Robert Heinlein, Methuselah’s Children
The year is nearly done. That is a happy thing. 2010 sucked! The Yankees didn’t win the World series..I don’t even remember who won, The Orioles? The Seattle Pilots? My uncle Fred? Sumthin like that. The job market sucked ass. I’m still not wealthy.
My cats ass exploded. Srsly. Ask about it, I’ll give you an earful of my cats ass. … on second thought, maybe not…
I think the time has come for 2011′s resolutions. Seeing how I really didn’t nail any of the important resolutions I made last year, despite the fact that some of them were pretty damn easy, I don’t hold out much hope for really getting this list done either. But like the evil bastards at the NY Lottery say, “Hey, Ya never know!”
And if you like any of them, take them for your own, I won’t mind!
Resolution #1: Annoy complete strangers with various noxious body odors.
Resolution #2: Get a fucking job.
Resolution #3: Keep that fucking job.
Resolution #4: Get deeper in debt. Most people want to be out of debt. Most people also want their kids to be President, or make millions of dollars. Nice to want things. If I know I can’t get out, why not just sit tight and wallow in it?
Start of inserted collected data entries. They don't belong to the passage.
(* Let $d\ge1$ and let $f:\{0,1\}^n\to\{0,1\}$ be a depth-$d$ decision tree with polynomial representation $f=M_1+M_2+\cdots+M_t$ over $\mathbb{F}_2$. Let $M_i=x_{i_1}\cdots x_{i_{d'}}$ (with $d'\le d$) be a maximal monomial of $f$. Then for all $\xi_1,\dots,\xi_{d'}\in\{0,1\}$, the function $f_{|x_{i_1}\gets\xi_1,\dots,x_{i_{d'}}\gets\xi_{d'}}$ is a depth-$(d-1)$ decision tree.
   Context: A decision tree over $x_1,\dots,x_n$ is a rooted binary tree whose internal nodes are labeled by variables, each having a 0-child and a 1-child, leaves labeled $0$ or $1$; it computes a Boolean function by following from the root the $x_i$-child at a node labeled $x_i$; a depth-$d$ decision tree is a function computed by such a tree with every root-to-leaf path having at most $d$ edges. Every Boolean function has a unique representation as a sum over $\mathbb{F}_2$ of distinct monomials (products of distinct variables; the empty product is the constant $1$). A monomial $M_i$ of $f$ is maximal if no other monomial $M_j$ of $f$ contains all variables of $M_i$. $f_{|x_{i_1}\gets\xi_1,\dots}$ denotes the function obtained by substituting $x_{i_r}=\xi_r$. *)

theory Defs
  imports Main
begin

datatype dtree = Leaf bool | Node nat dtree dtree

fun dt_eval :: "dtree \<Rightarrow> (nat \<Rightarrow> bool) \<Rightarrow> bool" where
  "dt_eval (Leaf b) x = b"
| "dt_eval (Node i t0 t1) x = (if x i then dt_eval t1 x else dt_eval t0 x)"

fun dt_depth :: "dtree \<Rightarrow> nat" where
  "dt_depth (Leaf b) = 0"
| "dt_depth (Node i t0 t1) = Suc (max (dt_depth t0) (dt_depth t1))"

fun dt_vars :: "dtree \<Rightarrow> nat set" where
  "dt_vars (Leaf b) = {}"
| "dt_vars (Node i t0 t1) = insert i (dt_vars t0 \<union> dt_vars t1)"

definition is_depth_dt :: "nat \<Rightarrow> nat \<Rightarrow> ((nat \<Rightarrow> bool) \<Rightarrow> bool) \<Rightarrow> bool" where
  "is_depth_dt n d f \<longleftrightarrow> (\<exists>T. dt_vars T \<subseteq> {..<n} \<and> dt_depth T \<le> d \<and> dt_eval T = f)"

text \<open>M is the F_2 polynomial representation of f: a set of distinct monomials
  (each monomial = set of its variables, empty set = constant 1) whose sum over F_2 is f.\<close>
definition is_F2_poly_rep :: "nat \<Rightarrow> ((nat \<Rightarrow> bool) \<Rightarrow> bool) \<Rightarrow> nat set set \<Rightarrow> bool" where
  "is_F2_poly_rep n f M \<longleftrightarrow> M \<subseteq> Pow {..<n} \<and>
     (\<forall>x. f x = odd (card {S \<in> M. \<forall>i\<in>S. x i}))"

definition maximal_monomial :: "nat set set \<Rightarrow> nat set \<Rightarrow> bool" where
  "maximal_monomial M S \<longleftrightarrow> S \<in> M \<and> (\<forall>T\<in>M. T \<noteq> S \<longrightarrow> \<not> S \<subseteq> T)"

definition restrict_fun :: "((nat \<Rightarrow> bool) \<Rightarrow> bool) \<Rightarrow> nat set \<Rightarrow> (nat \<Rightarrow> bool) \<Rightarrow> (nat \<Rightarrow> bool) \<Rightarrow> bool" where
  "restrict_fun f S \<xi> = (\<lambda>x. f (\<lambda>i. if i \<in> S then \<xi> i else x i))"

end

theory Submission
  imports Defs
begin

text \<open>Summing a function over \<open>\<mathbb>F\<^sub>2\<close> across the subcube of points that agree with \<open>y\<close>
  outside \<open>S\<close> kills every monomial not containing \<open>S\<close>; for a maximal monomial \<open>S\<close> only \<open>S\<close>
  itself survives, so this sum is \<open>1\<close> for every \<open>y\<close>. If the path that some \<open>y\<close> follows in a decision
  tree for \<open>f\<close> never queried a variable of \<open>S\<close>, \<open>f\<close> would be constant on that subcube and the sum
  would be \<open>0\<close>. So every path queries \<open>S\<close>, and fixing the variables of \<open>S\<close> removes at least one
  query from every path.\<close>

definition subcube_parity :: "nat set \<Rightarrow> ((nat \<Rightarrow> bool) \<Rightarrow> bool) \<Rightarrow> (nat \<Rightarrow> bool) \<Rightarrow> bool" where
  "subcube_parity S f y \<longleftrightarrow> odd (card {A \<in> Pow S. restrict_fun f S (\<lambda>i. i \<in> A) y})"

lemma subcube_parity_F2_sum:
  assumes "finite M" "finite S"
  shows "subcube_parity S (\<lambda>x. odd (card {T \<in> M. \<forall>i\<in>T. x i})) y \<longleftrightarrow>
    odd (card {T \<in> M. subcube_parity S (\<lambda>x. \<forall>i\<in>T. x i) y})"
proof -
  let ?Q = "\<lambda>A T. restrict_fun (\<lambda>x. \<forall>i\<in>T. x i) S (\<lambda>i. i \<in> A) y"
  have count: "card {b \<in> B. P b} = (\<Sum>b\<in>B. of_bool (P b))" if "finite B" for B :: "'a set" and P
    using that by (simp add: Int_def)
  have "(\<Sum>A\<in>Pow S. card {T \<in> M. ?Q A T}) = (\<Sum>A\<in>Pow S. \<Sum>T\<in>M. of_bool (?Q A T))"
    by (intro sum.cong refl count assms(1))
  also have "\<dots> = (\<Sum>T\<in>M. \<Sum>A\<in>Pow S. of_bool (?Q A T))"
    by (rule sum.swap)
  also have "\<dots> = (\<Sum>T\<in>M. card {A \<in> Pow S. ?Q A T})"
    using assms(2) by (intro sum.cong refl count[symmetric]) simp
  finally have "even (\<Sum>A\<in>Pow S. card {T \<in> M. ?Q A T}) \<longleftrightarrow> even (\<Sum>T\<in>M. card {A \<in> Pow S. ?Q A T})"
    by (simp only:)
  moreover have "restrict_fun (\<lambda>x. odd (card {T \<in> M. \<forall>i\<in>T. x i})) S (\<lambda>i. i \<in> A) y \<longleftrightarrow>
      odd (card {T \<in> M. ?Q A T})" for A
    by (simp add: restrict_fun_def)
  ultimately show ?thesis
    using assms unfolding subcube_parity_def by (simp only: even_sum_iff finite_Pow_iff)
qed

lemma subcube_parity_monomial:
  assumes "finite S"
  shows "subcube_parity S (\<lambda>x. \<forall>i\<in>T. x i) y \<longleftrightarrow> S \<subseteq> T \<and> (\<forall>i\<in>T - S. y i)"
proof (cases "\<forall>i\<in>T - S. y i")
  case False
  then have none: "{A \<in> Pow S. restrict_fun (\<lambda>x. \<forall>i\<in>T. x i) S (\<lambda>i. i \<in> A) y} = {}"
    by (auto simp: restrict_fun_def)
  show ?thesis
    using False unfolding subcube_parity_def none by simp
next
  case True
  have "{A \<in> Pow S. restrict_fun (\<lambda>x. \<forall>i\<in>T. x i) S (\<lambda>i. i \<in> A) y} = (\<union>) (T \<inter> S) ` Pow (S - T)"
  proof (intro equalityI subsetI)
    fix A
    assume "A \<in> {A \<in> Pow S. restrict_fun (\<lambda>x. \<forall>i\<in>T. x i) S (\<lambda>i. i \<in> A) y}"
    then have "A = (T \<inter> S) \<union> (A - T)" "A - T \<in> Pow (S - T)"
      by (auto simp: restrict_fun_def)
    then show "A \<in> (\<union>) (T \<inter> S) ` Pow (S - T)"
      by blast
  qed (use True in \<open>auto simp: restrict_fun_def\<close>)
  moreover have "inj_on ((\<union>) (T \<inter> S)) (Pow (S - T))"
    by (rule inj_onI) blast
  ultimately have "card {A \<in> Pow S. restrict_fun (\<lambda>x. \<forall>i\<in>T. x i) S (\<lambda>i. i \<in> A) y} = 2 ^ card (S - T)"
    using assms by (simp add: card_image card_Pow)
  moreover have "card (S - T) = 0 \<longleftrightarrow> S \<subseteq> T"
    using assms by auto
  ultimately show ?thesis
    using True unfolding subcube_parity_def by simp
qed

lemma subcube_parity_maximal_monomial:
  assumes "is_F2_poly_rep n f M" "maximal_monomial M S"
  shows "subcube_parity S f y"
proof -
  have M: "M \<subseteq> Pow {..<n}" and f: "f = (\<lambda>x. odd (card {T \<in> M. \<forall>i\<in>T. x i}))"
    using assms(1) by (auto simp: is_F2_poly_rep_def)
  have "finite M"
    using M finite_subset by blast
  moreover have "finite S"
    using assms(2) M by (auto simp: maximal_monomial_def intro: finite_subset)
  moreover have "{T \<in> M. subcube_parity S (\<lambda>x. \<forall>i\<in>T. x i) y} = {S}"
    using assms(2) \<open>finite S\<close> by (auto simp: maximal_monomial_def subcube_parity_monomial)
  ultimately show ?thesis
    unfolding f by (simp add: subcube_parity_F2_sum)
qed

lemma subcube_parity_empty: "subcube_parity {} f y \<longleftrightarrow> f y"
proof -
  have "{A \<in> Pow {}. restrict_fun f {} (\<lambda>i. i \<in> A) y} = (if f y then {{}} else {})"
    by (auto simp: restrict_fun_def)
  then show ?thesis
    unfolding subcube_parity_def by simp
qed

lemma not_subcube_parity_if_constant:
  assumes "finite S" "S \<noteq> {}" "\<And>x. (\<And>i. i \<notin> S \<Longrightarrow> x i = y i) \<Longrightarrow> f x = b"
  shows "\<not> subcube_parity S f y"
proof -
  have "{A \<in> Pow S. restrict_fun f S (\<lambda>i. i \<in> A) y} = (if b then Pow S else {})"
    using assms(3) by (auto simp: restrict_fun_def)
  moreover have "card S > 0"
    using assms(1,2) by (simp add: card_gt_0_iff)
  ultimately show ?thesis
    using assms(1) by (simp add: subcube_parity_def card_Pow)
qed

text \<open>A tree may query a variable again below a node that already queried it; the partial
  assignment \<open>\<rho>\<close> records the answers so far, so that such inconsistent branches are pruned.\<close>

fun dt_restrict :: "(nat \<rightharpoonup> bool) \<Rightarrow> dtree \<Rightarrow> dtree" where
  "dt_restrict \<rho> (Leaf b) = Leaf b"
| "dt_restrict \<rho> (Node i t0 t1) =
    (case \<rho> i of
      Some v \<Rightarrow> if v then dt_restrict \<rho> t1 else dt_restrict \<rho> t0
    | None \<Rightarrow> Node i (dt_restrict (\<rho>(i \<mapsto> False)) t0) (dt_restrict (\<rho>(i \<mapsto> True)) t1))"

lemma dt_eval_dt_restrict:
  "dt_eval (dt_restrict \<rho> T) x = dt_eval T (\<lambda>i. case \<rho> i of Some v \<Rightarrow> v | None \<Rightarrow> x i)"
proof (induction T arbitrary: \<rho>)
  case (Node i t0 t1)
  show ?case
  proof (cases "\<rho> i")
    case None
    have "(\<lambda>j. case (\<rho>(i \<mapsto> x i)) j of Some v \<Rightarrow> v | None \<Rightarrow> x j) =
          (\<lambda>j. case \<rho> j of Some v \<Rightarrow> v | None \<Rightarrow> x j)"
      using None by auto
    with None Node.IH show ?thesis
      by (cases "x i") auto
  qed (use Node.IH in auto)
qed simp

lemma dt_vars_dt_restrict: "dt_vars (dt_restrict \<rho> T) \<subseteq> dt_vars T"
proof (induction T arbitrary: \<rho>)
  case (Node i t0 t1)
  then show ?case
    by (cases "\<rho> i") auto
qed simp

lemma dt_depth_dt_restrict_le: "dt_depth (dt_restrict \<rho> T) \<le> dt_depth T"
proof (induction T arbitrary: \<rho>)
  case (Node i t0 t1)
  have "dt_depth (dt_restrict \<rho>' t) \<le> dt_depth (Node i t0 t1)" if "t \<in> {t0, t1}" for \<rho>' t
    using that Node.IH[of \<rho>'] by (auto intro: le_SucI max.coboundedI1 max.coboundedI2)
  moreover have "dt_depth (Node i (dt_restrict \<rho>0 t0) (dt_restrict \<rho>1 t1)) \<le> dt_depth (Node i t0 t1)"
    for \<rho>0 \<rho>1
    using Node.IH[of \<rho>0] Node.IH[of \<rho>1] by (auto intro: max.coboundedI1 max.coboundedI2)
  ultimately show ?case
    by (cases "\<rho> i") auto
qed simp

fun dt_path_queries :: "nat set \<Rightarrow> dtree \<Rightarrow> (nat \<Rightarrow> bool) \<Rightarrow> bool" where
  "dt_path_queries S (Leaf b) x \<longleftrightarrow> False"
| "dt_path_queries S (Node i t0 t1) x \<longleftrightarrow> i \<in> S \<or> dt_path_queries S (if x i then t1 else t0) x"

lemma dt_eval_eq_if_not_dt_path_queries:
  assumes "\<not> dt_path_queries S T x" "\<And>i. i \<notin> S \<Longrightarrow> x' i = x i"
  shows "dt_eval T x' = dt_eval T x"
  using assms(1) by (induction T) (auto simp: assms(2))

lemma dt_depth_dt_restrict_less:
  assumes "S \<subseteq> dom \<rho>" "\<And>x. \<rho> \<subseteq>\<^sub>m Some \<circ> x \<Longrightarrow> dt_path_queries S T x"
  shows "dt_depth (dt_restrict \<rho> T) < dt_depth T"
  using assms
proof (induction T arbitrary: \<rho>)
  case (Leaf b)
  have "\<rho> \<subseteq>\<^sub>m Some \<circ> (\<lambda>i. case \<rho> i of Some v \<Rightarrow> v | None \<Rightarrow> False)"
    by (auto simp: map_le_def)
  with Leaf.prems(2) show ?case by fastforce
next
  case (Node i t0 t1)
  show ?case
  proof (cases "\<rho> i")
    case (Some v)
    then show ?thesis
      using dt_depth_dt_restrict_le[of \<rho> t0] dt_depth_dt_restrict_le[of \<rho> t1] by auto
  next
    case None
    have paths: "dt_path_queries S (if v then t1 else t0) x" if "\<rho>(i \<mapsto> v) \<subseteq>\<^sub>m Some \<circ> x" for v x
    proof -
      have "\<rho> \<subseteq>\<^sub>m \<rho>(i \<mapsto> v)"
        using None by (auto simp: map_le_def)
      then have "dt_path_queries S (Node i t0 t1) x"
        using Node.prems(2) map_le_trans[OF _ that(1)] by blast
      moreover have "Some (x i) = Some v"
        using that(1) unfolding map_le_def by (metis comp_apply domI fun_upd_same)
      moreover have "i \<notin> S"
        using None Node.prems(1) by auto
      ultimately show ?thesis
        by auto
    qed
    have dom: "S \<subseteq> dom (\<rho>(i \<mapsto> v))" for v
      using Node.prems(1) by auto
    have "dt_depth (dt_restrict (\<rho>(i \<mapsto> False)) t0) < dt_depth t0"
      using Node.IH(1)[OF dom paths[of False, simplified]] .
    moreover have "dt_depth (dt_restrict (\<rho>(i \<mapsto> True)) t1) < dt_depth t1"
      using Node.IH(2)[OF dom paths[of True, simplified]] .
    ultimately show ?thesis
      using None by auto
  qed
qed

lemma restrict_fun_dt_eval:
  "restrict_fun (dt_eval T) S \<xi> = dt_eval (dt_restrict ((Some \<circ> \<xi>) |` S) T)"
proof -
  have "(\<lambda>i. case ((Some \<circ> \<xi>) |` S) i of Some v \<Rightarrow> v | None \<Rightarrow> x i) = (\<lambda>i. if i \<in> S then \<xi> i else x i)"
    for x
    by (auto simp: restrict_map_def)
  then show ?thesis
    unfolding restrict_fun_def by (intro ext) (simp only: dt_eval_dt_restrict)
qed

lemma dt_depth_dt_restrict_less_if_subcube_parity:
  assumes "finite S" "S \<noteq> {}" "\<And>y. subcube_parity S (dt_eval T) y"
  shows "dt_depth (dt_restrict ((Some \<circ> \<xi>) |` S) T) < dt_depth T"
proof (rule dt_depth_dt_restrict_less)
  show "S \<subseteq> dom ((Some \<circ> \<xi>) |` S)"
    by (auto simp: restrict_map_def)
  show "dt_path_queries S T x" for x
    using dt_eval_eq_if_not_dt_path_queries not_subcube_parity_if_constant[OF assms(1,2)] assms(3)
    by metis
qed

theorem mainTheorem14:
  fixes n d :: nat and f :: "(nat \<Rightarrow> bool) \<Rightarrow> bool" and M :: "nat set set" and S :: "nat set"
  assumes "d \<ge> 1"
    and "is_depth_dt n d f"
    and "is_F2_poly_rep n f M"
    and "maximal_monomial M S"
  shows "\<forall>\<xi> :: nat \<Rightarrow> bool. is_depth_dt n (d - 1) (restrict_fun f S \<xi>)"
proof
  fix \<xi> :: "nat \<Rightarrow> bool"
  obtain T where T: "dt_vars T \<subseteq> {..<n}" "dt_depth T \<le> d" "dt_eval T = f"
    using assms(2) by (auto simp: is_depth_dt_def)
  have parity: "\<And>y. subcube_parity S f y"
    using assms(3,4) by (rule subcube_parity_maximal_monomial)
  show "is_depth_dt n (d - 1) (restrict_fun f S \<xi>)"
  proof (cases "S = {}")
    case True
    then have "restrict_fun f S \<xi> = dt_eval (Leaf True)"
      using parity by (auto simp: subcube_parity_empty restrict_fun_def)
    then show ?thesis
      unfolding is_depth_dt_def by (intro exI[of _ "Leaf True"]) simp
  next
    case False
    let ?T = "dt_restrict ((Some \<circ> \<xi>) |` S) T"
    have "finite S"
      using assms(3,4) by (auto simp: maximal_monomial_def is_F2_poly_rep_def intro: finite_subset)
    then have "dt_depth ?T < dt_depth T"
      using False parity T(3) by (intro dt_depth_dt_restrict_less_if_subcube_parity) auto
    then have "dt_depth ?T \<le> d - 1"
      using T(2) by linarith
    moreover have "dt_vars ?T \<subseteq> {..<n}"
      using T(1) dt_vars_dt_restrict by blast
    moreover have "dt_eval ?T = restrict_fun f S \<xi>"
      unfolding T(3)[symmetric] by (rule restrict_fun_dt_eval[symmetric])
    ultimately show ?thesis
      unfolding is_depth_dt_def by blast
  qed
qed

end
Resolution #5: Send John Boehner my resume, and write him a touching e-mail. Then ask him where the jobs are. I figure if he knows, maybe he can forward it to someone who’ll hire me. Maybe it’ll make him cry. That’d be nice.
And if he can’t find me a job, screw him, he is fucking useless.
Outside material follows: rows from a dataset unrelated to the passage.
(* Let $f,g:\mathbb{R}\to\mathbb{R}$ be nonrandom continuous functions with $|f(u)|,|g(u)|\le1$ for all $u\in\mathbb{R}$, and let $\{\xi_n\}_{n\ge1}$ be random variables satisfying the noise assumption below. Suppose that $$\sup_{u\in\mathbb{R}\setminus\{0\}}\left\{\frac{2f(u)}{g^2(u)}\right\}=\beta<1,$$ where, at points $u\neq0$ with $g(u)=0$, this condition is understood to hold at $u$ if and only if $f(u)<0$ (so no restriction on $g$ is imposed when $f(u)<0$ for all $u\ne 0$). Then there exists $h_0>0$ such that for every $h\in(0,h_0)$ and every nonrandom $x_0\in\mathbb{R}$, the solution of $$x_{n+1}=x_n\big(1+hf(x_n)+\sqrt{h}\,g(x_n)\xi_{n+1}\big),\quad n=0,1,\dots,$$ satisfies $\lim_{n\to\infty}x_n=0$ almost surely.
   Context: Noise assumption (Assumption 1): the $\xi_n$ are independent with $\mathbf{E}\xi_n=0$, $\mathbf{E}\xi_n^2=1$, $\mathbf{E}|\xi_n|^3$ uniformly bounded in $n$; each $\xi_n$ has a probability density $p_n$, and $x^3p_n(x)\to0$ as $|x|\to\infty$ uniformly in $n$. *)

theory Defs
  imports "HOL-Probability.Probability"
begin

fun xseq :: "(real \<Rightarrow> real) \<Rightarrow> (real \<Rightarrow> real) \<Rightarrow> (nat \<Rightarrow> 'a \<Rightarrow> real)
              \<Rightarrow> real \<Rightarrow> real \<Rightarrow> nat \<Rightarrow> 'a \<Rightarrow> real" where
  "xseq f g \<xi> h x0 0 \<omega> = x0"
| "xseq f g \<xi> h x0 (Suc n) \<omega> =
     xseq f g \<xi> h x0 n \<omega> * (1 + h * f (xseq f g \<xi> h x0 n \<omega>)
        + sqrt h * g (xseq f g \<xi> h x0 n \<omega>) * \<xi> (Suc n) \<omega>)"

end

theory Submission
  imports Defs
begin

text \<open>
  The proof is a stochastic Lyapunov argument for \<open>V(x) = |x| powr \<delta>\<close> with
  \<open>\<delta> = (1 - max \<beta> 0) / 2\<close>. A third-order Taylor expansion of \<open>|1 + e| powr \<delta>\<close>, combined with
  \<open>E \<xi> = 0\<close>, \<open>E \<xi>\<^sup>2 = 1\<close> and the bound on \<open>E |\<xi>|\<^sup>3\<close>, shows that for small \<open>h\<close> one step of the
  scheme satisfies \<open>E V(x\<^sub>n\<^sub>+\<^sub>1) \<le> V(x\<^sub>n) (1 - \<phi>(x\<^sub>n))\<close>, where
  \<open>\<phi>(u) = h \<delta>\<^sup>2 / 6 (|f u| + g(u)\<^sup>2)\<close> is positive for \<open>u \<noteq> 0\<close>.
  So \<open>V(x\<^sub>n)\<close> is a nonnegative supermartingale with summable expected decrements
  \<open>V(x\<^sub>n) \<phi>(x\<^sub>n)\<close>, which therefore tend to 0 almost surely. Doob's maximal inequality shows
  that \<open>V(x\<^sub>n)\<close> stays bounded and that, once \<open>V(x\<^sub>n) \<le> \<eta>\<close>, it later exceeds \<open>c\<close> only with
  probability at most \<open>\<eta> / c\<close>. A path not converging to 0 would thus remain in a compact annulus
  around 0 on which \<open>\<phi>\<close> is bounded below, contradicting \<open>V(x\<^sub>n) \<phi>(x\<^sub>n) \<rightarrow> 0\<close>.
\<close>

lemma powr_third_derivative_bound:
  fixes d t :: real
  assumes d: "0 < d" "d \<le> 1/2" and t: "\<bar>t\<bar> \<le> 1/2"
  shows "\<bar>d * (d - 1) * (d - 2) * (1 + t) powr (d - 3)\<bar> \<le> 16"
proof -
  have "\<bar>d * (d - 1) * (d - 2)\<bar> = d * (1 - d) * (2 - d)"
    using d by (simp add: abs_mult)
  also have "\<dots> \<le> 1 * 1 * 2"
    using d by (intro mult_mono) auto
  finally have coeff: "\<bar>d * (d - 1) * (d - 2)\<bar> \<le> 2" by simp
  have "(1 + t) powr (d - 3) \<le> (1/2) powr (d - 3)"
    using t d by (intro powr_mono2') auto
  also have "\<dots> \<le> (1/2) powr (- 3)"
    using d by (intro powr_mono') auto
  finally have "(1 + t) powr (d - 3) \<le> 8"
    by (simp add: powr_minus_divide powr_realpow power_divide)
  then have "\<bar>d * (d - 1) * (d - 2)\<bar> * (1 + t) powr (d - 3) \<le> 2 * 8"
    using coeff by (intro mult_mono) auto
  then show ?thesis
    by (simp add: abs_mult)
qed

lemma has_real_derivative_const_mult_powr_shift:
  fixes c p t :: real
  assumes "-1 < t"
  shows "((\<lambda>t. c * (1 + t) powr p) has_real_derivative c * (p * (1 + t) powr (p - 1))) (at t)"
proof -
  have "((\<lambda>t. (1 + t) powr p) has_real_derivative p * (1 + t) powr (p - 1) * 1) (at t)"
    using assms by (intro DERIV_fun_powr derivative_eq_intros) auto
  then show ?thesis
    using DERIV_cmult by fastforce
qed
Resolution #6: Wear a silly hat in public for no readily apparent reason. I may well mix this resolution with res. #1 to create an unforgettable experience for some poor bastard.
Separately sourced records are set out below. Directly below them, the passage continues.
theorem proposition3p3:
  fixes N :: nat and A :: "nat \<Rightarrow> nat \<Rightarrow> real"
    and lam :: real and u v :: "nat \<Rightarrow> real"
  assumes A01: "zero_one_matrix N A"
    and prim: "primitive N A"
    and lam_pos: "lam > 0"
    and u_pos: "\<forall>i\<in>{1..N}. u i > 0"
    and u_eig: "\<forall>i\<in>{1..N}. (\<Sum>j\<in>{1..N}. A i j * u j) = lam * u i"
    and u_norm: "(\<Sum>i\<in>{1..N}. u i) = 1"
    and v_pos: "\<forall>i\<in>{1..N}. v i > 0"
    and v_eig: "\<forall>j\<in>{1..N}. (\<Sum>i\<in>{1..N}. A i j * v i) = lam * v j"
    and uv_norm: "(\<Sum>i\<in>{1..N}. u i * v i) = 1"
  shows "((\<forall>\<tau>1\<in>inv_erg_measures N A. \<forall>\<tau>2\<in>inv_erg_measures N A.
             (\<integral>x. F_A A lam u x \<partial>\<tau>1) = (\<integral>x. F_A A lam u x \<partial>\<tau>2))
          \<longleftrightarrow> (\<exists>c>0. cycle_avg_const N A u c))
     \<and> (\<forall>c>0. cycle_avg_const N A u c \<longrightarrow> c = (\<Sum>i\<in>{1..N}. (u i * v i) * u i))
     \<and> ((\<exists>C. \<forall>x\<in>Omega N A. F_A A lam u x = C)
          \<longleftrightarrow> (\<exists>r. \<forall>i\<in>{1..N}. (\<Sum>j\<in>{1..N}. A i j) = r))"
proof -
  have "0 < N"
    using u_norm by (cases N) simp_all
  interpret primitive_eigen N A lam u
    by unfold_locales (fact A01 prim \<open>0 < N\<close> lam_pos u_pos u_eig)+
  have integrals: "(\<forall>\<tau>1\<in>inv_erg_measures N A. \<forall>\<tau>2\<in>inv_erg_measures N A.
             (\<integral>x. F_A A lam u x \<partial>\<tau>1) = (\<integral>x. F_A A lam u x \<partial>\<tau>2))
          \<longleftrightarrow> (\<exists>c>0. cycle_avg_const N A u c)"
    using integral_F_A_const_imp_cycle_avg_const cycle_avg_const_imp_integral_F_A by metis
  have cycle_avg_value: "c = (\<Sum>i\<in>{1..N}. (u i * v i) * u i)" if "cycle_avg_const N A u c" for c
    using cycle_avg_const_imp_coboundary[OF that] coboundary_constant_eq[OF v_eig uv_norm] by blast
  have row_sums: "(\<exists>C. \<forall>x\<in>Omega N A. F_A A lam u x = C)
          \<longleftrightarrow> (\<exists>r. \<forall>i\<in>{1..N}. (\<Sum>j\<in>{1..N}. A i j) = r)"
    using F_A_const_iff_u_const row_sums_eq_lam_if_u_const u_const_if_row_sums_const[OF v_eig v_pos]
    by blast
  show ?thesis
    using integrals cycle_avg_value row_sums by blast
qed

end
Resolution #7: Record a song that I’ve written. Send it to someone at a record company. Cross fingers.
Resolution #8: Fix the political rift in this great nation, bringing together America’s left and right, so we can stand together and be one nation, united. Barring that, make America a better place by pointing out that both sides of the political aisle have faults, and that no side has all the answers. Barring that, tell that drunk glib fraud Beck to go fuck himself.
Resolution #9: Run. A lot. Run fast. Run long. Run 20+ miles at least once.
Resolution #10: Read the Koran, in an effort to find out why all these nut jobs keep tying bombs to their assholes and blowing them off and taking unsuspecting people along with them. Assholes.
Resolution #11: Call my Representative. Tell him he is a shithead.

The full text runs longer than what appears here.